Republicans of all stripes are able to agree on Jeane Kirkpatrick’s emphasis of national interest as the organizing principle for foreign policy. But this merely sets the debate in motion. Individual leaders differ radically on their definition of the national interest and the means to pursue it. The result is a yawning gap in the various Republican foreign-policy prescriptions.

On the right, Pat Buchanan and his Perot-inclined soulmates espouse “America First.” They opposed the North American Free Trade Agreement, reject foreign aid and repudiate military alliances such as NATO. Their interpretation of the national interest excludes any overseas activity that does not offer an immediate pay-back. Mainstream Republican foreign-policy experts like Sen. Bob Dole, Sen. Richard Lugar and former Defense Secretary Dick Cheney take an entirely different tack. Philosophically they incline toward a traditional internationalist foreign policy that focuses around crises in the world’s “hot spots.” Cheney has chided the Administration for failing to stand up to North Korea on the development of nuclear weapons. Dole advocates a more aggressive policy in Bosnia. Lugar favors expanding NATO, even to the point of intervening to oppose Russian activities on its periphery.

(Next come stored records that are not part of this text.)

lemma Beta_integral_linear_weight:
  assumes p: "Re p > 0" and q: "Re q > 0"
  shows "(\<lambda>v. of_real (1 + 3 * v) * (of_real v powr (p - 1) * of_real (1 - v) powr (q - 1)))
           absolutely_integrable_on {0<..<1}"
    and "integral {0<..<1} (\<lambda>v. of_real (1 + 3 * v) * (of_real v powr (p - 1) * of_real (1 - v) powr (q - 1))) =
           (4 * p + q) / (p + q) * Beta p q"
proof -
  let ?B = "\<lambda>a v. complex_of_real v powr (a - 1) * of_real (1 - v) powr (q - 1)"
  have p1: "Re (p + 1) > 0"
    using p by simp
  have split: "of_real (1 + 3 * v) * ?B p v = ?B p v + 3 * ?B (p + 1) v" if "v \<in> {0<..<1}" for v
    using that complex_powr_real_mult[of v "p - 1" 1] by (simp add: algebra_simps)
  have int_B: "?B a absolutely_integrable_on {0<..<1}" "integral {0<..<1} (?B a) = Beta a q"
    if "Re a > 0" for a
    using Beta_integral_complex[OF that q] by auto
  have "(\<lambda>v. ?B p v + 3 * ?B (p + 1) v) absolutely_integrable_on {0<..<1}"
    using int_B(1)[OF p] set_integrable_mult_right[OF int_B(1)[OF p1], of 3] by (rule set_integral_add)
  moreover have "integral {0<..<1} (\<lambda>v. ?B p v + 3 * ?B (p + 1) v) = Beta p q + 3 * Beta (p + 1) q"
    using int_B[OF p] int_B[OF p1] set_lebesgue_integral_eq_integral(1)
    by (subst integral_add) (auto simp: integral_mult_right)
  moreover have "Beta p q + 3 * Beta (p + 1) q = (4 * p + q) / (p + q) * Beta p q"
  proof -
    have "p \<notin> \<int>\<^sub>\<le>\<^sub>0" and pq: "p + q \<noteq> 0"
      using p q by (auto elim!: nonpos_Ints_cases simp: complex_eq_iff)
    then have Beta_succ: "Beta (p + 1) q = p * Beta p q / (p + q)"
      using Beta_plus1_left[of p q] by (simp add: eq_divide_eq mult.commute)
    show ?thesis
      unfolding Beta_succ using pq by (simp add: divide_simps) (simp add: algebra_simps)
  qed
  moreover have "(\<lambda>v. of_real (1 + 3 * v) * ?B p v) absolutely_integrable_on {0<..<1} \<longleftrightarrow>
      (\<lambda>v. ?B p v + 3 * ?B (p + 1) v) absolutely_integrable_on {0<..<1}"
    by (intro set_integrable_cong refl split)
  moreover have "integral {0<..<1} (\<lambda>v. of_real (1 + 3 * v) * ?B p v) =
      integral {0<..<1} (\<lambda>v. ?B p v + 3 * ?B (p + 1) v)"
    by (intro integral_cong split)
  ultimately show "(\<lambda>v. of_real (1 + 3 * v) * ?B p v) absolutely_integrable_on {0<..<1}"
    and "integral {0<..<1} (\<lambda>v. of_real (1 + 3 * v) * ?B p v) = (4 * p + q) / (p + q) * Beta p q"
    by simp_all
qed
(* Fix $q\in[0,1)$ and $N\in\mathbb N$. Let $\boldsymbol\zeta=(\zeta_t)_{t\ge0}$ be the multi-species ASEP on $\mathbb Z$ with $\zeta_0$ the identity; $\boldsymbol\xi=(\xi_t)_{t\ge0}$ the biased card shuffling of size $N$ with $\xi_0$ the identity of $[N]$; $\boldsymbol\lambda=(\lambda_t)_{t\ge0}$ the biased card shuffling of size $N$ started from an arbitrary deterministic $\lambda_0\in S_N$; and $\overline{\boldsymbol\xi}=(\overline\xi_t)_{t\ge0}$ the stationary biased card shuffling of size $N$ ($\overline\xi_0\sim\mathcal M_N$, independent of the Poisson processes), all four coupled under the basic coupling. For $k\in\llbracket0,N\rrbracket$ and $t\ge0$ set $\xi^k_t(x)=\mathbb 1[\xi_t(x)\le k]$, $\lambda^k_t(x)=\mathbb 1[\lambda_t(x)\le k]$, $\overline\xi^k_t(x)=\mathbb 1[\overline\xi_t(x)\le k]$ for $x\in[N]$, and $\zeta^k_t(x)=\mathbb 1[\zeta_t(x)\le k]$ for $x\in\mathbb Z$. Then almost surely, for every $k\in\llbracket0,N\rrbracket$ and $t\ge0$, \[ h\{\xi^k_t\}\le h\{\lambda^k_t\},\qquad h\{\xi^k_t\}\le h\{\zeta^k_t\},\qquad h\{\xi^k_t\}\le h\{\overline\xi^k_t\}, \] where $f\le g$ means $f(x)\le g(x)$ for all $x\in\mathbb Z$.
   Context: $\llbracket x,y\rrbracket$ is the set of integers in $[x,y]$, $[N]=\llbracket1,N\rrbracket$, $S_N$ the bijections of $[N]$. Mallows measure: $\mathcal M_N(w)\propto q^{\#\{i<j:\,w(i)<w(j)\}}$. Multi-species dynamics on a domain $D$ ($D=\mathbb Z$ or a finite integer interval), state a bijection $\sigma:D\to D$: each nearest-neighbour pair $x,x+1\in D$ swaps its values at rate $1$ if $\sigma(x)<\sigma(x+1)$ and at rate $q$ otherwise; on $D=[N]$ this is the biased card shuffling, on $D=\mathbb Z$ the multi-species ASEP. Basic coupling: take independent Poisson point processes $\Pi_1,\Pi_q$ on $\mathbb Z\times[0,\infty)$ with intensities $1$ and $q$ (times Lebesgue $\times$ counting); at each $(x,s)\in\Pi_1$ with $x,x+1\in D$, swap the values at $x,x+1$ if just before time $s$ the value at $x$ is smaller than at $x+1$; at each $(x,s)\in\Pi_q$ with $x,x+1\in D$, swap if the value at $x$ is larger. All processes are driven by the same $\Pi_1,\Pi_q$. Height function: for $\omega:\mathbb Z\to\{0,1\}$ eventually constant as $x\to-\infty$, $h\{\omega\}:\mathbb Z\to\mathbb Z$ is defined by $h\{\omega\}(x)-h\{\omega\}(x-1)=1-2\omega(x)$, with $h\{\omega\}(x)=x$ for all small $x$ if $\omega=0$ near $-\infty$, and $h\{\omega\}(x)=-x$ for all small $x$ if $\omega=1$ near $-\infty$. For $\omega:\llbracket m,n\rrbracket\to\{0,1\}$, $h\{\omega\}$ is defined by extending $\omega$ by $0$ on $x<m$ and by $1$ on $x>n$. *)

theory Defs
  imports "HOL-Probability.Probability"
begin

definition exp1 :: "real measure" where
  "exp1 = density lborel (\<lambda>s. ennreal (exponential_density 1 s))"

definition clock_space :: "(int \<times> nat \<Rightarrow> real) measure" where
  "clock_space = PiM UNIV (\<lambda>_. exp1)"

text \<open>The Poisson point process of intensity r (times Lebesgue x counting): at site x the
  arrival times are the partial sums of the Exp(r) variables E(x,i)/r. For r = 0 it is empty.\<close>

definition arrivals :: "real \<Rightarrow> (int \<times> nat \<Rightarrow> real) \<Rightarrow> (int \<times> real) set" where
  "arrivals r E = {(x, s). r > 0 \<and> (\<exists>n. s = (\<Sum>i\<le>n. E (x, i)) / r)}"

definition perms :: "nat \<Rightarrow> (int \<Rightarrow> int) set" where
  "perms N = {w. bij_betw w {1..int N} {1..int N} \<and> (\<forall>x. x \<notin> {1..int N} \<longrightarrow> w x = x)}"

definition noninv :: "nat \<Rightarrow> (int \<Rightarrow> int) \<Rightarrow> nat" where
  "noninv N w = card {(i, j). i \<in> {1..int N} \<and> j \<in> {1..int N} \<and> i < j \<and> w i < w j}"

definition mallows_weight :: "nat \<Rightarrow> real \<Rightarrow> (int \<Rightarrow> int) \<Rightarrow> real" where
  "mallows_weight N q w = (if w \<in> perms N then q ^ noninv N w else 0)"

definition mallows :: "nat \<Rightarrow> real \<Rightarrow> (int \<Rightarrow> int) measure" where
  "mallows N q = density (count_space UNIV)
     (\<lambda>w. ennreal (mallows_weight N q w / (\<Sum>v\<in>perms N. mallows_weight N q v)))"

definition left_limit :: "(real \<Rightarrow> int \<Rightarrow> int) \<Rightarrow> real \<Rightarrow> int \<Rightarrow> int" where
  "left_limit \<sigma> t x = (THE v. \<exists>\<epsilon>>0. \<forall>s. t - \<epsilon> < s \<and> s < t \<longrightarrow> \<sigma> s x = v)"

Talk about these issues is cheap. The price of taking action is what the Clinton Administration has had to assess. If foreigners like the Serbs, the Somalis or the North Koreans do not immediately bend to the American will, are sanctions the answer? If these fail, does military intervention follow? If allies don’t agree, does America go it alone regardless of casualties and cost?

These questions go to the heart of the debate about America’s role as global leader, the balance between human rights and Realpolitik and the allocation of resources between foreign and domestic priorities--the very issues that have left the Clinton team floundering. If the Republicans have sorted these issues out, for the good of the nation they should let everyone know--especially if they envision a more militarily assertive policy.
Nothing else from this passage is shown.